Stars fascinated Slade. He was trying to see how many he could count before sleeping. He estimated about fifty-three the previous night and was about to begin when he noticed some movements in front of him. It was at the neighbour’s house next door. He could see the house clearly through his window.
He observed for about 30 seconds when he noticed that the people moving had masks on. Thieves! He thought. He had heard a lot about them. He rushed to his parent’s room to tell them about what he had seen. When his parents got to his room to look, the thieves were no longer outside, but they could hear some noise coming from their neighbour’s house.
Slade’s parents did what citizens were supposed to do at such a time: they called the police. Some other people would have tried to confront the thieves, but Slade’s parents were not that brave or stupid (depending on whom you asked).
The thieves were done in twenty minutes and were out of the house. The police did not arrive until after two hours! They claimed the roads were so bad they could not get there in time! They then proceeded to ask Slade’s neighbours to support them with any amount of money they had so they could buy fuel which they claimed their vehicle was about to run out of! They also asked for money to help investigate the crime thoroughly, more than they would normally do!
They never caught the thieves.
Slade heard his parents talk about how the police were cowards and greedy and were not ready to make sacrifices for the people they were supposed to protect. At that point, Slade began to realise he had been lied to in school.
Slade thought again about when he was a kid. He remembered that the police used to stop vehicles at checkpoints. A handshake between the police officers and the drivers mostly followed this. Slade used to think that that was the police being friendly. He found out later that what he thought he knew was far from the truth. He began to call those types of handshakes “moneyshakes.” That was the police collecting bribes from people they were supposed to arrest or caution.
The nature of policing in Nonce was so terrible that even people who had all the necessary documents and had nothing to fear from the police still paid money to them once they asked to avoid any form of trouble that might arise from displeasing them.
Slade was in a vehicle with his parents and brother one afternoon when he saw the police threaten to shoot a driver if he didn’t come out of his car. They pointed their guns at him to show that they meant business. Slade was afraid, and he was shivering. His brother noticed and said, “Get your shit together; we will be all right.”
Shit here meant “wit,” and wit meant senses. Proper thinking results in organisation. But it was pretty hard even for some adults to think appropriately when someone might be killed before them.

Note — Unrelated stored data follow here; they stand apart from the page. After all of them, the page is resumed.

lemma has_real_derivative_cusp_dt:
  assumes "x \<noteq> 0"
  shows "((\<lambda>t. cusp (x, t)) has_real_derivative cusp_dt (x, t)) (at t)"
proof -
  have pos: "x^2 + t^4 > 0" for t :: real
    using assms by (simp add: add_pos_nonneg)
  have "((\<lambda>t. x^2 * t^2 / (x^2 + t^4)) has_real_derivative
      ((x^2 * (2 * t)) * (x^2 + t^4) - x^2 * t^2 * (4 * t^3)) / (x^2 + t^4)^2) (at t)"
    using pos[of t] by (auto intro!: derivative_eq_intros simp: power2_eq_square)
  moreover have "((x^2 * (2 * t)) * (x^2 + t^4) - x^2 * t^2 * (4 * t^3)) / (x^2 + t^4)^2
      = cusp_dt (x, t)"
    unfolding cusp_dt_def
    by (simp add: algebra_simps power2_eq_square power4_eq_xxxx power3_eq_cube)
  ultimately show ?thesis by (simp add: cusp_def)
qed

lemma cusp_flat_on_vertical_axis:
  "((\<lambda>y. cusp y / norm (y - (0, t))) \<longlongrightarrow> 0) (at (0, t) within S)"
proof (cases "t = 0")
  case True
  have bound: "norm (cusp y / norm (y - (0, t))) \<le> \<bar>snd y\<bar>" for y :: "real \<times> real"
  proof (cases "snd y = 0")
    case False
    have "\<bar>snd y\<bar> \<le> norm (y - (0, t))"
      using True norm_snd_le[of "snd y" "fst y"] by (simp add: zero_prod_def [symmetric])
    then have "cusp y / norm (y - (0, t)) \<le> \<bar>snd y\<bar> ^ 2 / \<bar>snd y\<bar>"
      using False cusp_le_snd_sq[of y] cusp_nonneg[of y] by (intro frac_le) auto
    also have "\<bar>snd y\<bar> ^ 2 / \<bar>snd y\<bar> = \<bar>snd y\<bar>"
      using False by (metis abs_0_eq nonzero_mult_div_cancel_left power2_eq_square)
    finally show ?thesis using cusp_nonneg[of y] by simp
  qed (simp add: cusp_def)
  have "((\<lambda>y. \<bar>snd y\<bar>) \<longlongrightarrow> \<bar>snd (0::real, t)\<bar>) (at (0, t) within S)"
    by (intro tendsto_intros)
  then show ?thesis
    using True bound by (rule_tac Lim_null_comparison) simp_all
next
  case False
  have bound: "norm (cusp y / norm (y - (0, t))) \<le> \<bar>fst y\<bar> / snd y ^ 2"
    for y :: "real \<times> real"
  proof (cases "fst y = 0 \<or> snd y = 0")
    case nonzero: False
    have "\<bar>fst y\<bar> \<le> norm (y - (0, t))"
      using norm_fst_le[of "fst y" "snd y - t"] by (cases y) simp
    then have "cusp y / norm (y - (0, t)) \<le> cusp y / \<bar>fst y\<bar>"
      using nonzero cusp_nonneg[of y] by (intro divide_left_mono) (auto intro!: mult_pos_pos)
    also have "\<dots> \<le> (fst y ^ 2 / snd y ^ 2) / \<bar>fst y\<bar>"
      using nonzero cusp_le_quotient[of y] by (intro divide_right_mono) auto
    also have "\<dots> = \<bar>fst y\<bar> / snd y ^ 2"
      using nonzero by (simp add: power2_eq_square divide_simps)
    finally show ?thesis using cusp_nonneg[of y] by simp
  next
    case degenerate: True
    then have "cusp y = 0" by (auto simp: cusp_def)
    then show ?thesis by simp
  qed
  have "((\<lambda>y. \<bar>fst y\<bar> / snd y ^ 2) \<longlongrightarrow> \<bar>fst (0::real, t)\<bar> / snd (0::real, t) ^ 2)
      (at (0, t) within S)"
    using False by (intro tendsto_intros) auto
  then show ?thesis
    using bound by (rule_tac Lim_null_comparison) simp_all
qed

lemma cusp_horizontal_difference_quotients:
  assumes "t \<noteq> 0"
  shows "(cusp (t^2, t) - cusp (t^2 / 2, t)) / (t^2 - t^2 / 2) = 3/5"
    and "(cusp (t^2, 0) - cusp (t^2 / 2, 0)) / (t^2 - t^2 / 2) = 0"
  using assms by (auto simp: cusp_def field_simps power2_eq_square power4_eq_xxxx)

lemma cusp_on_vertical_axis: "cusp (0, t) = 0" and cusp_dt_on_vertical_axis: "cusp_dt (0, t) = 0"
  by (simp_all add: cusp_def cusp_dt_def)

lemma half_power_isolated:
  assumes "y \<in> {0} \<union> range (\<lambda>m. (1/2::real) ^ m)" and close: "\<bar>y - (1/2) ^ n\<bar> < (1/2) ^ n / 2"
  shows "y = (1/2) ^ n"
proof -
  obtain m where m: "y = (1/2) ^ m"
    using assms by auto
  have halving: "k < l \<Longrightarrow> 2 * (1/2::real) ^ l \<le> (1/2) ^ k" for k l
    using power_decreasing[of "Suc k" l "1/2::real"] by simp
  have pos: "(1/2::real) ^ n > 0" by simp
  have "m = n"
  proof (cases m n rule: linorder_cases)
    case less
    then show ?thesis using close pos halving[of m n] unfolding m abs_less_iff by linarith
  next
    case greater
    then show ?thesis using close pos halving[of n m] unfolding m abs_less_iff by linarith
  qed
  then show ?thesis using m by simp
qed
(* For all real $D,R\ge2$, \[ \#\mathcal E(D,R)\ll\frac{D^2R(\log R)^2}{\log D}, \] with an absolute implied constant.
   Context: For $\lambda\in\mathbb F_p^*$, $\rho(\lambda,p)=\min\{rs: r,s\text{ positive integers},\ r\equiv\lambda s\pmod p\}$. For real $D,R\ge2$, $\mathcal E(D,R)$ is the set of primes $p$ for which there exists $\lambda\in\mathbb F_p^*$ of multiplicative order $d$ with $3\le d<D$ and $\rho(\lambda,p)<R$. *)

theory Defs
  imports Complex_Main "HOL-Number_Theory.Number_Theory"
begin

text \<open>Elements of F_p^* are represented by their residues lam with 0 < lam < p.\<close>

definition rho :: "nat \<Rightarrow> nat \<Rightarrow> nat" where
  "rho lam p = (LEAST n. \<exists>r s. 0 < r \<and> 0 < s \<and> [r = lam * s] (mod p) \<and> n = r * s)"

definition calE :: "real \<Rightarrow> real \<Rightarrow> nat set" where
  "calE D R = {p. prime p \<and> (\<exists>lam. 0 < lam \<and> lam < p \<and>
      3 \<le> ord p lam \<and> real (ord p lam) < D \<and> real (rho lam p) < R)}"

end

theory Submission
  imports Defs
begin

text \<open>If \<open>p > R\<close> lies in \<open>\<E>(D, R)\<close>, witnessed by \<open>\<lambda>\<close> of order \<open>d\<close>, take \<open>r \<equiv> \<lambda> s\<close> with
  \<open>r s = \<rho>(\<lambda>, p) < R\<close>. Then \<open>r, s < p\<close> and \<open>r \<noteq> s\<close> because \<open>\<lambda> \<noteq> 1\<close>, and raising to the
  \<open>d\<close>-th power gives \<open>p | r\<^sup>d - s\<^sup>d\<close>, a nonzero integer of size at most \<open>R\<^sup>d\<close>; moreover \<open>p > d\<close>
  since \<open>d | p - 1\<close>. A number \<open>N \<le> R\<^sup>d\<close> has at most \<open>d log R / log d\<close> prime factors exceeding
  \<open>d\<close>. Summing over the \<open>O(R log R)\<close> pairs \<open>(r, s)\<close> and over \<open>3 \<le> d < D\<close>, and adding the
  at most \<open>R\<close> primes \<open>p \<le> R\<close>, gives \<open>O(R log\<^sup>2 R \<cdot> D\<^sup>2 / log D)\<close>.\<close>

lemma sum_inverse_le_one_plus_ln:
  "n \<ge> 1 \<Longrightarrow> (\<Sum>k=1..n. 1 / real k) \<le> 1 + ln (real n)"
proof (induction n rule: dec_induct)
  case base
  then show ?case by simp
next
  case (step n)
  have "ln (real n) - ln (real (Suc n)) \<le> (real n - real (Suc n)) / real (Suc n)"
    using step.hyps by (intro ln_diff_le) auto
  then have "1 / real (Suc n) \<le> ln (real (Suc n)) - ln (real n)"
    by (simp add: field_simps)
  then show ?case
    using step.IH by simp
qed
(* For $p=(x,y)\in\mathbb{R}^2_{x<y}:=\{(x,y)\in\mathbb{R}^2\mid x<y\}$ set $\lambda(p):=\dfrac{y-x}{2\|(1,x,y)\|_2}$. For every $K>0$ and every $\alpha\ge 1$, the functions \[ \widetilde{\omega}(p)=\lambda(p)^\alpha,\qquad \omega_K(p)=\frac{2}{\pi}\arctan\!\left(\frac{\lambda(p)^\alpha}{K^\alpha}\right) \] are stable weightings. Moreover, for $\alpha=1$ both $\widetilde{\omega}$ and $\omega_K$ are effective weightings.
   Context: Notation: for $p=(x,y)\in\mathbb{R}^2$ write $(1,p):=(1,x,y)\in\mathbb{R}^3$; $\Delta:=\{(x,y)\mid x=y\}$ and $\|p-\Delta\|_\infty=\frac{y-x}{2}$ for $p\in\mathbb{R}^2_{x<y}$. $B_r=\{p\in\mathbb{R}^2:\|p\|_2\le r\}$, $B_r^c=\mathbb{R}^2\setminus B_r$. A persistence diagram (PD) is a measure $\mu_D=\sum_{p\in D}c_p\delta_p$ with $D\subset\mathbb{R}^2_{x<y}$ finite and $c_p\in\mathbb{N}$. For a measure $\mu$ and $Z\subset\mathbb{R}^2$, $\mathrm{pers}_Z(\mu)=\frac12\int_Z(y-x)\,d\mu((x,y))$. For a weighting $\omega$ (a function with values in $(0,1]$ on the points of diagrams), set $\Gamma_\omega(p):=\omega(p)(1,p)\in\mathbb{R}^3$. A stable weighting is a function $\omega$ with values in $(0,1]$ such that (i) $\Gamma_\omega$ is $C$-Lipschitz (Euclidean norms) for some $C>0$, and (ii) there is $C'>0$ with $\|\Gamma_\omega(p)\|_2\le C'\frac{y-x}{2}=C'\|p-\Delta\|_\infty$ for every $p=(x,y)\in\mathbb{R}^2_{x<y}$. An effective weighting is a function $\omega$ with values in $(0,1]$ such that for every sequence of PDs $\{\mu_{D_n}\}_{n\in\mathbb{N}}$: if $\lim_{r\to\infty}\sup_n\int_{B_r^c}\omega(p)\|p\|_2\,d\mu_{D_n}(p)=0$, then $\lim_{r\to\infty}\sup_n\mathrm{pers}_{B_r^c}(\mu_{D_n})=0$. *)

theory Defs
  imports "HOL-Analysis.Analysis" "HOL-Library.Multiset"
begin

text \<open>Points of R^2 are pairs (x,y) :: real \<times> real; the norm on real \<times> real
  (and on real \<times> real \<times> real) is the Euclidean norm.\<close>

definition halfplane :: "(real \<times> real) set" where
  "halfplane = {p. fst p < snd p}"

definition weighting :: "(real \<times> real \<Rightarrow> real) \<Rightarrow> bool" where
  "weighting \<omega> \<longleftrightarrow> (\<forall>p\<in>halfplane. 0 < \<omega> p \<and> \<omega> p \<le> 1)"

definition Gamma :: "(real \<times> real \<Rightarrow> real) \<Rightarrow> real \<times> real \<Rightarrow> real \<times> real \<times> real" where
  "Gamma \<omega> p = (\<omega> p, \<omega> p * fst p, \<omega> p * snd p)"

definition stable_weighting :: "(real \<times> real \<Rightarrow> real) \<Rightarrow> bool" where
  "stable_weighting \<omega> \<longleftrightarrow> weighting \<omega>
     \<and> (\<exists>C>0. C-lipschitz_on halfplane (Gamma \<omega>))
     \<and> (\<exists>C'>0. \<forall>p\<in>halfplane. norm (Gamma \<omega> p) \<le> C' * ((snd p - fst p) / 2))"

text \<open>A persistence diagram: finite multiset of points of the half-plane
  (the multiplicity of p is the coefficient c_p).\<close>
definition is_PD :: "(real \<times> real) multiset \<Rightarrow> bool" where
  "is_PD D \<longleftrightarrow> set_mset D \<subseteq> halfplane"

text \<open>Integral of f over the complement of the closed ball B_r against mu_D.\<close>
definition int_outside :: "real \<Rightarrow> (real \<times> real \<Rightarrow> real) \<Rightarrow> (real \<times> real) multiset \<Rightarrow> real" where
  "int_outside r f D = sum_mset (image_mset f (filter_mset (\<lambda>p. r < norm p) D))"

definition pers_outside :: "real \<Rightarrow> (real \<times> real) multiset \<Rightarrow> real" where
  "pers_outside r D = (1/2) * int_outside r (\<lambda>p. snd p - fst p) D"
theorem theorem4p2:
  fixes A :: "'n::finite \<Rightarrow> 'n \<Rightarrow> real" and b :: "'n \<Rightarrow> real" and lam :: real
  assumes "\<forall>i j. 0 \<le> A i j \<and> A i j \<le> 1"
    and "\<forall>i. b i > 0"
    and "\<forall>j. alpha_check A b j \<le> 1"
    and "lam \<ge> 0"
    and "\<forall>p\<in>Pset A b. \<not> (\<exists>x\<in>unit_box. system_p A b lam p x)"
  shows "V_star A b lam = {}"
proof (rule ccontr)
  assume "V_star A b lam \<noteq> {}"
  then obtain x where x: "x \<in> unit_box" "\<forall>i. b i \<le> maxmin_prod A x i"
    "\<forall>i. maxmin_prod A x i = lam * x i"
    unfolding V_star_def by blast
  have A_le_1: "\<forall>i j. A i j \<le> 1" using assms(1) by blast
  have x_bounds: "\<forall>j. alpha_check A b j \<le> x j \<and> x j \<le> 1"
    using alpha_check_le_if_maxmin_prod_ge[OF x(1,2)] x(1) by (simp add: unit_box_def)
  have x_Nstar: "x j = 1 \<and> dval A b 0 j = 1" if "j \<in> Nstar A b" for j
  proof -
    have "alpha_check A b j = 1" using that unfolding Nstar_def by simp
    then show ?thesis using x_bounds[rule_format, of j] dval_0[of A j b] A_le_1 by simp
  qed
  obtain p where p: "p \<in> Pset A b"
    "\<forall>j\<in>UNIV - Nstar A b. dval A b (p j - 1) j \<le> x j \<and> x j \<le> dval A b (p j) j"
    using ex_Pset_bracketing[OF A_le_1 assms(3) x_bounds] by blast
  have "sys_lhs A b p x i = maxmin_prod A x i" for i
    using sys_lhs_eq_maxmin_prod[OF A_le_1 p(1) _ _ p(2)] x_bounds x_Nstar by simp
  then have "system_p A b lam p x"
    using x p(2) x_Nstar unfolding system_p_def by auto
  with assms(5) p(1) x(1) show False by blast
qed

end
lemma vandermonde_abs_Suc:
  "vandermonde_abs (Suc N) x = (\<Prod>j<N. cmod (x j - x N)) * vandermonde_abs N x"
proof -
  have "{j<..<Suc N} = insert N {j<..<N}" if "j < N" for j using that by auto
  then have "(\<Prod>j<N. \<Prod>k\<in>{j<..<Suc N}. cmod (x j - x k))
      = (\<Prod>j<N. cmod (x j - x N) * (\<Prod>k\<in>{j<..<N}. cmod (x j - x k)))"
    by (intro prod.cong) auto
  moreover have "{N<..<Suc N} = {}" by auto
  ultimately have "vandermonde_abs (Suc N) x
      = (\<Prod>j<N. cmod (x j - x N) * (\<Prod>k\<in>{j<..<N}. cmod (x j - x k)))"
    unfolding vandermonde_abs_def by (simp add: prod.lessThan_Suc)
  then show ?thesis unfolding vandermonde_abs_def by (simp add: prod.distrib)
qed

lemma discriminant_abs_lessThan: "discriminant_abs {..<N} x = vandermonde_abs N x ^ 2"
proof (induction N)
  case 0
  show ?case by (simp add: discriminant_abs_def vandermonde_abs_def)
next
  case (Suc N)
  have "discriminant_abs {..<Suc N} x
      = (\<Prod>b\<in>{..<Suc N}-{N}. cmod (x N - x b))^2 * discriminant_abs ({..<Suc N}-{N}) x"
    by (rule discriminant_abs_remove) auto
  also have "{..<Suc N}-{N} = {..<N}" by auto
  finally show ?case
    using Suc by (simp add: vandermonde_abs_Suc power_mult_distrib norm_minus_commute)
qed

lemma vandermonde_abs_eq_0_iff: "vandermonde_abs N x = 0 \<longleftrightarrow> \<not> inj_on x {..<N}"
  using discriminant_abs_eq_0_iff[of "{..<N}" x] by (simp add: discriminant_abs_lessThan)

lemma discriminant_abs_reindex:
  assumes "bij_betw h A B"
  shows "discriminant_abs B x = discriminant_abs A (x \<circ> h)"
proof -
  have "(\<Prod>b\<in>B-{h a}. cmod (x (h a) - x b)) = (\<Prod>b\<in>A-{a}. cmod (x (h a) - x (h b)))"
    if a: "a \<in> A" for a
  proof -
    have "bij_betw h (A-{a}) (B-{h a})"
      using bij_betw_DiffI[OF assms, of "{a}" "{h a}"] a assms by (auto dest: bij_betwE)
    then show ?thesis by (simp add: prod.reindex_bij_betw[symmetric])
  qed
  then show ?thesis
    unfolding discriminant_abs_def prod.reindex_bij_betw[OF assms, symmetric] by simp
qed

Slade’s mother had repeatedly told both Slade and his brother to stop using vulgar words. This time, she only looked back and gave him a nasty look.
The driver, being threatened by the police, later heeded their request. He was hit on the head with the bottom of a gun, and while being dragged away from his vehicle, he screamed: “I have every document I am supposed to have as a driver, and I have no money to pay you crooks!”
According to Slade’s dictionary, a crook is a person who steals, lies, cheats, or does other dishonest or illegal things; a criminal…
The dictionary definition of a crook applied perfectly to the police in Nonce.
Slade came to the same conclusion about the police.